(* Assume that for all real $z\ge 1$ one has $\bigl|\sum_{n\le z}\mu(n)^2 - \tfrac{6}{\pi^2}z\bigr|\le 0.68\sqrt z$. Then for all real $z\geq 1$, \[ \Biggl|\sum_{n\leq z} \frac{\mu(n)^2}{n} - \frac{\log z}{\zeta(2)} - A\Biggr| \leq \frac{2.04}{\sqrt{z}}, \qquad\text{where } A=\frac{\gamma}{\zeta(2)}-2\frac{\zeta'(2)}{\zeta(2)^2}, \] $\gamma$ being the Euler–Mascheroni constant.
   Context: $\mu$ is the Möbius function and $\zeta$ the Riemann zeta function. *)

theory Defs
  imports "HOL-Analysis.Analysis" "HOL-Computational_Algebra.Squarefree"
begin

definition moebius_mu :: "nat \<Rightarrow> int" where
  "moebius_mu n = (if squarefree n then (-1) ^ card (prime_factors n) else 0)"

text \<open>Riemann zeta function on the reals, via its Dirichlet series (meaningful for s > 1).\<close>
definition zeta :: "real \<Rightarrow> real" where
  "zeta s = (\<Sum>n. 1 / real (Suc n) powr s)"

end

theory Submission
  imports Defs
begin

text \<open>
  The proof has two independent halves.
  (1) A general partial-summation argument (for an arbitrary arithmetic function a): if the
  summatory function Q(z) of a satisfies |Q(z) - c z| <= K sqrt z for z >= 1, then the summatory
  function S(z) of a(n)/n satisfies |S(z) - c log z - B| <= 3K/sqrt z for some constant B.
  Instead of Abel summation with integrals we show that Phi(t) = S(t) - Q(t)/t - c log t
  stays between two monotone envelopes Phi(t) +- 2K/sqrt t with a common limit.
  (2) For a = mu^2 the constants c and B are forced: regrouping the harmonic sum H(M^2) by
  square parts, H(M^2) = sum over d <= M of S(M^2/d^2)/d^2, and comparing with
  H(M^2) = 2 log M + gamma + o(1) yields c = 1/zeta(2) and B = gamma/zeta(2) - 2 zeta'(2)/zeta(2)^2.
  With K = 0.68 the error bound is 3 * 0.68 = 2.04.
\<close>

definition squarefree_indicator :: "nat \<Rightarrow> real" where
  "squarefree_indicator n = (if squarefree n then 1 else 0)"

lemma moebius_mu_squared: "real_of_int (moebius_mu n ^ 2) = squarefree_indicator n"
  by (simp add: squarefree_indicator_def moebius_mu_def power_even_eq[of _ 2] flip: power_mult)

lemma square_part_squarefree_times_square:
  fixes m d :: nat
  assumes "squarefree m" "d > 0"
  shows "square_part (m * d ^ 2) = d"
proof -
  have m0: "m \<noteq> 0" using assms(1) by (metis not_squarefree_0)
  have "normalize (square_part (m * d ^ 2)) = normalize d"
  proof (rule multiplicity_eq_imp_eq)
    show "square_part (m * d ^ 2) \<noteq> 0" "d \<noteq> 0" using m0 assms by simp_all
    fix p :: nat assume p: "prime p"
    have "multiplicity p m \<le> 1"
      using assms(1) m0 p squarefree_factorial_semiring'' by blast
    moreover have "multiplicity p (m * d ^ 2) = multiplicity p m + 2 * multiplicity p d"
      using p m0 assms(2)
      by (simp add: prime_elem_multiplicity_mult_distrib prime_elem_multiplicity_power_distrib)
    ultimately show "multiplicity p (square_part (m * d ^ 2)) = multiplicity p d"
      using p by (simp add: prime_multiplicity_square_part)
  qed
  then show ?thesis by simp
qed

lemma squarefree_part_squarefree_times_square:
  fixes m d :: nat
  assumes "squarefree m" "d > 0"
  shows "squarefree_part (m * d ^ 2) = m"
  using square_part_squarefree_times_square[OF assms] assms
  by (simp add: squarefree_part_def) (metis not_squarefree_0 gr0I)

text \<open>Every n >= 1 is uniquely m d^2 with m squarefree, so a sum over 1..N can be regrouped by the
  square part d.\<close>
lemma sum_by_squarefree_decomposition:
  fixes f :: "nat \<Rightarrow> 'a :: comm_monoid_add"
  shows "(\<Sum>n\<in>{1..N}. f n) = (\<Sum>d\<in>{1..N}. \<Sum>m | m \<in> {1..N div d ^ 2} \<and> squarefree m. f (m * d ^ 2))"
proof -
  define S where "S = Sigma {1..N} (\<lambda>d. {m. m \<in> {1..N div d ^ 2} \<and> squarefree m})"
  have "(\<Sum>(d, m)\<in>S. f (m * d ^ 2)) = (\<Sum>n\<in>{1..N}. f n)"
  proof (rule sum.reindex_bij_witness
        [where i = "\<lambda>n. (square_part n, squarefree_part n)" and j = "\<lambda>(d, m). m * d ^ 2"])
    fix a assume "a \<in> S"
    then obtain d m where a: "a = (d, m)" "1 \<le> d" "1 \<le> m" "m \<le> N div d ^ 2" "squarefree m"
      unfolding S_def by auto
    then show "(square_part (case a of (d, m) \<Rightarrow> m * d ^ 2),
                squarefree_part (case a of (d, m) \<Rightarrow> m * d ^ 2)) = a"
      using square_part_squarefree_times_square squarefree_part_squarefree_times_square by auto
    have "m * d ^ 2 \<le> N" using a(4) by (meson le_trans mult_le_mono1 div_times_less_eq_dividend)
    then show "(case a of (d, m) \<Rightarrow> m * d ^ 2) \<in> {1..N}" using a by simp
  next
    fix n assume n: "n \<in> {1..N}"
    show "(case (square_part n, squarefree_part n) of (d, m) \<Rightarrow> m * d ^ 2) = n"
      using squarefree_decompose[of n] by simp
    have d: "square_part n > 0" using n square_part_0_iff[of n] by (simp del: square_part_0_iff)
    have "square_part n \<le> square_part n ^ 2" by (simp add: power2_eq_square)
    also have "\<dots> \<le> n" using n by (simp add: dvd_imp_le)
    finally have "square_part n \<le> N" using n by simp
    moreover have "squarefree_part n \<le> N div square_part n ^ 2"
      using squarefree_decompose[of n] n d
      by (metis div_le_mono nonzero_mult_div_cancel_right power_not_zero atLeastAtMost_iff less_not_refl3)
    moreover have "squarefree_part n \<ge> 1" using squarefree_part_nonzero[of n] by linarith
    ultimately show "(square_part n, squarefree_part n) \<in> S"
      unfolding S_def using d by auto
  qed auto
  moreover have "(\<Sum>(d, m)\<in>S. f (m * d ^ 2)) =
      (\<Sum>d\<in>{1..N}. \<Sum>m | m \<in> {1..N div d ^ 2} \<and> squarefree m. f (m * d ^ 2))"
    unfolding S_def by (subst sum.Sigma) auto
  ultimately show ?thesis by simp
qed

────────

● **BRIEF**:
Retype each record, matching it exactly.

● **OUTPUT BELOW**:
(* Assume that for all real $z\ge 1$ one has $\bigl|\sum_{n\le z}\mu(n)^2 - \tfrac{6}{\pi^2}z\bigr|\le 0.68\sqrt z$. Then for all real $z\geq 1$, \[ \Biggl|\sum_{n\leq z} \frac{\mu(n)^2}{n} - \frac{\log z}{\zeta(2)} - A\Biggr| \leq \frac{2.04}{\sqrt{z}}, \qquad\text{where } A=\frac{\gamma}{\zeta(2)}-2\frac{\zeta'(2)}{\zeta(2)^2}, \] $\gamma$ being the Euler–Mascheroni constant.
   Context: $\mu$ is the Möbius function and $\zeta$ the Riemann zeta function. *)

theory Defs
  imports "HOL-Analysis.Analysis" "HOL-Computational_Algebra.Squarefree"
begin

definition moebius_mu :: "nat \<Rightarrow> int" where
  "moebius_mu n = (if squarefree n then (-1) ^ card (prime_factors n) else 0)"

text \<open>Riemann zeta function on the reals, via its Dirichlet series (meaningful for s > 1).\<close>
definition zeta :: "real \<Rightarrow> real" where
  "zeta s = (\<Sum>n. 1 / real (Suc n) powr s)"

end

theory Submission
  imports Defs
begin

text \<open>
  The proof has two independent halves.
  (1) A general partial-summation argument (for an arbitrary arithmetic function a): if the
  summatory function Q(z) of a satisfies |Q(z) - c z| <= K sqrt z for z >= 1, then the summatory
  function S(z) of a(n)/n satisfies |S(z) - c log z - B| <= 3K/sqrt z for some constant B.
  Instead of Abel summation with integrals we show that Phi(t) = S(t) - Q(t)/t - c log t
  stays between two monotone envelopes Phi(t) +- 2K/sqrt t with a common limit.
  (2) For a = mu^2 the constants c and B are forced: regrouping the harmonic sum H(M^2) by
  square parts, H(M^2) = sum over d <= M of S(M^2/d^2)/d^2, and comparing with
  H(M^2) = 2 log M + gamma + o(1) yields c = 1/zeta(2) and B = gamma/zeta(2) - 2 zeta'(2)/zeta(2)^2.
  With K = 0.68 the error bound is 3 * 0.68 = 2.04.
\<close>

definition squarefree_indicator :: "nat \<Rightarrow> real" where
  "squarefree_indicator n = (if squarefree n then 1 else 0)"

lemma moebius_mu_squared: "real_of_int (moebius_mu n ^ 2) = squarefree_indicator n"
  by (simp add: squarefree_indicator_def moebius_mu_def power_even_eq[of _ 2] flip: power_mult)

lemma square_part_squarefree_times_square:
  fixes m d :: nat
  assumes "squarefree m" "d > 0"
  shows "square_part (m * d ^ 2) = d"
proof -
  have m0: "m \<noteq> 0" using assms(1) by (metis not_squarefree_0)
  have "normalize (square_part (m * d ^ 2)) = normalize d"
  proof (rule multiplicity_eq_imp_eq)
    show "square_part (m * d ^ 2) \<noteq> 0" "d \<noteq> 0" using m0 assms by simp_all
    fix p :: nat assume p: "prime p"
    have "multiplicity p m \<le> 1"
      using assms(1) m0 p squarefree_factorial_semiring'' by blast
    moreover have "multiplicity p (m * d ^ 2) = multiplicity p m + 2 * multiplicity p d"
      using p m0 assms(2)
      by (simp add: prime_elem_multiplicity_mult_distrib prime_elem_multiplicity_power_distrib)
    ultimately show "multiplicity p (square_part (m * d ^ 2)) = multiplicity p d"
      using p by (simp add: prime_multiplicity_square_part)
  qed
  then show ?thesis by simp
qed

lemma squarefree_part_squarefree_times_square:
  fixes m d :: nat
  assumes "squarefree m" "d > 0"
  shows "squarefree_part (m * d ^ 2) = m"
  using square_part_squarefree_times_square[OF assms] assms
  by (simp add: squarefree_part_def) (metis not_squarefree_0 gr0I)

text \<open>Every n >= 1 is uniquely m d^2 with m squarefree, so a sum over 1..N can be regrouped by the
  square part d.\<close>
lemma sum_by_squarefree_decomposition:
  fixes f :: "nat \<Rightarrow> 'a :: comm_monoid_add"
  shows "(\<Sum>n\<in>{1..N}. f n) = (\<Sum>d\<in>{1..N}. \<Sum>m | m \<in> {1..N div d ^ 2} \<and> squarefree m. f (m * d ^ 2))"
proof -
  define S where "S = Sigma {1..N} (\<lambda>d. {m. m \<in> {1..N div d ^ 2} \<and> squarefree m})"
  have "(\<Sum>(d, m)\<in>S. f (m * d ^ 2)) = (\<Sum>n\<in>{1..N}. f n)"
  proof (rule sum.reindex_bij_witness
        [where i = "\<lambda>n. (square_part n, squarefree_part n)" and j = "\<lambda>(d, m). m * d ^ 2"])
    fix a assume "a \<in> S"
    then obtain d m where a: "a = (d, m)" "1 \<le> d" "1 \<le> m" "m \<le> N div d ^ 2" "squarefree m"
      unfolding S_def by auto
    then show "(square_part (case a of (d, m) \<Rightarrow> m * d ^ 2),
                squarefree_part (case a of (d, m) \<Rightarrow> m * d ^ 2)) = a"
      using square_part_squarefree_times_square squarefree_part_squarefree_times_square by auto
    have "m * d ^ 2 \<le> N" using a(4) by (meson le_trans mult_le_mono1 div_times_less_eq_dividend)
    then show "(case a of (d, m) \<Rightarrow> m * d ^ 2) \<in> {1..N}" using a by simp
  next
    fix n assume n: "n \<in> {1..N}"
    show "(case (square_part n, squarefree_part n) of (d, m) \<Rightarrow> m * d ^ 2) = n"
      using squarefree_decompose[of n] by simp
    have d: "square_part n > 0" using n square_part_0_iff[of n] by (simp del: square_part_0_iff)
    have "square_part n \<le> square_part n ^ 2" by (simp add: power2_eq_square)
    also have "\<dots> \<le> n" using n by (simp add: dvd_imp_le)
    finally have "square_part n \<le> N" using n by simp
    moreover have "squarefree_part n \<le> N div square_part n ^ 2"
      using squarefree_decompose[of n] n d
      by (metis div_le_mono nonzero_mult_div_cancel_right power_not_zero atLeastAtMost_iff less_not_refl3)
    moreover have "squarefree_part n \<ge> 1" using squarefree_part_nonzero[of n] by linarith
    ultimately show "(square_part n, squarefree_part n) \<in> S"
      unfolding S_def using d by auto
  qed auto
  moreover have "(\<Sum>(d, m)\<in>S. f (m * d ^ 2)) =
      (\<Sum>d\<in>{1..N}. \<Sum>m | m \<in> {1..N div d ^ 2} \<and> squarefree m. f (m * d ^ 2))"
    unfolding S_def by (subst sum.Sigma) auto
  ultimately show ?thesis by simp
qed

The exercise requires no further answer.